:: Extracted material ::

lemma has_integral_stieltjes_density:
  assumes s: "0 < s" "s < 1" and k: "0 < k" and x0: "0 < x0" and R: "0 < R"
  shows "((\<lambda>u. R * stieltjes_density s k (R * u) / (x0 + R * u)) has_integral
          Re (contour_integral (linepath (of_real (-R)) 0)
             (\<lambda>z. (inv_powr_plus_half s k 1 z - inv_powr_plus_half s k (-1) z) / (z - of_real x0))
           / (2 * of_real pi * \<i>))) {0..1}"
proof -
  define D where "D = (\<lambda>z. (inv_powr_plus_half s k 1 z - inv_powr_plus_half s k (-1) z) / (z - of_real x0))"
  have seg: "closed_segment 0 (of_real (-R)) \<subseteq> {z::complex. Im z = 0 \<and> Re z \<le> 0}"
    using R by (auto simp: closed_segment_Reals closed_segment_eq_real_ivl)
  have "continuous_on (closed_segment 0 (of_real (-R))) D"
    unfolding D_def
    by (intro continuous_intros continuous_on_subset[OF continuous_on_inv_powr_plus_half[of 1, OF _ s k]]
        continuous_on_subset[OF continuous_on_inv_powr_plus_half[of "-1", OF _ s k]]) (use seg x0 in auto)
  then have "(D has_contour_integral contour_integral (linepath 0 (of_real (-R))) D) (linepath 0 (of_real (-R)))"
    by (intro has_contour_integral_integral contour_integrable_continuous_linepath)
  moreover have "contour_integral (linepath 0 (of_real (-R))) D = - contour_integral (linepath (of_real (-R)) 0) D"
    using contour_integral_reversepath[of "linepath (of_real (-R)) 0" D] by simp
  ultimately have "((\<lambda>u. - (D (linepath 0 (of_real (-R)) u) * (of_real (-R) - 0)) / (2 * of_real pi * \<i>))
       has_integral contour_integral (linepath (of_real (-R)) 0) D / (2 * of_real pi * \<i>)) {0..1}"
    unfolding has_contour_integral_linepath by (intro has_integral_divide) (simp add: has_integral_neg_iff)
  from has_integral_Re[OF this] show ?thesis
    unfolding D_def[symmetric]
  proof (rule has_integral_cong[THEN iffD1, rotated])
    fix u :: real assume u: "u \<in> {0..1}"
    have lp: "linepath 0 (of_real (-R)) u = (- of_real (R * u) :: complex)"
      by (simp add: linepath_def scaleR_conv_of_real algebra_simps)
    have pos: "0 < x0 + R * u" using u R x0 by (simp add: add_pos_nonneg)
    have alg: "- ((a - b) / (- q) * (- r)) / P = r / q * ((b - a) / P)"
      if "q \<noteq> 0" "P \<noteq> 0" for a b q r P :: complex
      using that by (simp add: field_simps)
    have e1: "- of_real (R * u) - of_real x0 = - (of_real (x0 + R * u) :: complex)" by simp
    have e2: "of_real (-R) - 0 = - (of_real R :: complex)" by simp
    have "- (D (linepath 0 (of_real (-R)) u) * (of_real (-R) - 0)) / (2 * of_real pi * \<i>)
        = of_real (R / (x0 + R * u)) * ((inv_powr_plus_half s k (-1) (- of_real (R * u))
            - inv_powr_plus_half s k 1 (- of_real (R * u))) / (2 * of_real pi * \<i>))"
      unfolding lp D_def e1 e2 of_real_divide by (rule alg) (use pos in \<open>auto simp del: of_real_add of_real_mult\<close>)
    then have "Re (- (D (linepath 0 (of_real (-R)) u) * (of_real (-R) - 0)) / (2 * of_real pi * \<i>))
        = Re (of_real (R / (x0 + R * u)) * ((inv_powr_plus_half s k (-1) (- of_real (R * u))
            - inv_powr_plus_half s k 1 (- of_real (R * u))) / (2 * of_real pi * \<i>)))"
      by (rule arg_cong)
    also have "\<dots> = R * stieltjes_density s k (R * u) / (x0 + R * u)"
    proof -
      have Re_scale: "Re (of_real a * z) = a * Re z" for a z by simp
      show ?thesis by (simp only: Re_scale stieltjes_density_def times_divide_eq_left)
    qed
    finally show "Re (- (D (linepath 0 (of_real (-R)) u) * (of_real (-R) - 0)) / (2 * of_real pi * \<i>))
        = R * stieltjes_density s k (R * u) / (x0 + R * u)" .
  qed
qed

:::

Restate all of the entries above precisely.

Answer for the task =
lemma has_integral_stieltjes_density:
  assumes s: "0 < s" "s < 1" and k: "0 < k" and x0: "0 < x0" and R: "0 < R"
  shows "((\<lambda>u. R * stieltjes_density s k (R * u) / (x0 + R * u)) has_integral
          Re (contour_integral (linepath (of_real (-R)) 0)
             (\<lambda>z. (inv_powr_plus_half s k 1 z - inv_powr_plus_half s k (-1) z) / (z - of_real x0))
           / (2 * of_real pi * \<i>))) {0..1}"
proof -
  define D where "D = (\<lambda>z. (inv_powr_plus_half s k 1 z - inv_powr_plus_half s k (-1) z) / (z - of_real x0))"
  have seg: "closed_segment 0 (of_real (-R)) \<subseteq> {z::complex. Im z = 0 \<and> Re z \<le> 0}"
    using R by (auto simp: closed_segment_Reals closed_segment_eq_real_ivl)
  have "continuous_on (closed_segment 0 (of_real (-R))) D"
    unfolding D_def
    by (intro continuous_intros continuous_on_subset[OF continuous_on_inv_powr_plus_half[of 1, OF _ s k]]
        continuous_on_subset[OF continuous_on_inv_powr_plus_half[of "-1", OF _ s k]]) (use seg x0 in auto)
  then have "(D has_contour_integral contour_integral (linepath 0 (of_real (-R))) D) (linepath 0 (of_real (-R)))"
    by (intro has_contour_integral_integral contour_integrable_continuous_linepath)
  moreover have "contour_integral (linepath 0 (of_real (-R))) D = - contour_integral (linepath (of_real (-R)) 0) D"
    using contour_integral_reversepath[of "linepath (of_real (-R)) 0" D] by simp
  ultimately have "((\<lambda>u. - (D (linepath 0 (of_real (-R)) u) * (of_real (-R) - 0)) / (2 * of_real pi * \<i>))
       has_integral contour_integral (linepath (of_real (-R)) 0) D / (2 * of_real pi * \<i>)) {0..1}"
    unfolding has_contour_integral_linepath by (intro has_integral_divide) (simp add: has_integral_neg_iff)
  from has_integral_Re[OF this] show ?thesis
    unfolding D_def[symmetric]
  proof (rule has_integral_cong[THEN iffD1, rotated])
    fix u :: real assume u: "u \<in> {0..1}"
    have lp: "linepath 0 (of_real (-R)) u = (- of_real (R * u) :: complex)"
      by (simp add: linepath_def scaleR_conv_of_real algebra_simps)
    have pos: "0 < x0 + R * u" using u R x0 by (simp add: add_pos_nonneg)
    have alg: "- ((a - b) / (- q) * (- r)) / P = r / q * ((b - a) / P)"
      if "q \<noteq> 0" "P \<noteq> 0" for a b q r P :: complex
      using that by (simp add: field_simps)
    have e1: "- of_real (R * u) - of_real x0 = - (of_real (x0 + R * u) :: complex)" by simp
    have e2: "of_real (-R) - 0 = - (of_real R :: complex)" by simp
    have "- (D (linepath 0 (of_real (-R)) u) * (of_real (-R) - 0)) / (2 * of_real pi * \<i>)
        = of_real (R / (x0 + R * u)) * ((inv_powr_plus_half s k (-1) (- of_real (R * u))
            - inv_powr_plus_half s k 1 (- of_real (R * u))) / (2 * of_real pi * \<i>))"
      unfolding lp D_def e1 e2 of_real_divide by (rule alg) (use pos in \<open>auto simp del: of_real_add of_real_mult\<close>)
    then have "Re (- (D (linepath 0 (of_real (-R)) u) * (of_real (-R) - 0)) / (2 * of_real pi * \<i>))
        = Re (of_real (R / (x0 + R * u)) * ((inv_powr_plus_half s k (-1) (- of_real (R * u))
            - inv_powr_plus_half s k 1 (- of_real (R * u))) / (2 * of_real pi * \<i>)))"
      by (rule arg_cong)
    also have "\<dots> = R * stieltjes_density s k (R * u) / (x0 + R * u)"
    proof -
      have Re_scale: "Re (of_real a * z) = a * Re z" for a z by simp
      show ?thesis by (simp only: Re_scale stieltjes_density_def times_divide_eq_left)
    qed
    finally show "Re (- (D (linepath 0 (of_real (-R)) u) * (of_real (-R) - 0)) / (2 * of_real pi * \<i>))
        = R * stieltjes_density s k (R * u) / (x0 + R * u)" .
  qed
qed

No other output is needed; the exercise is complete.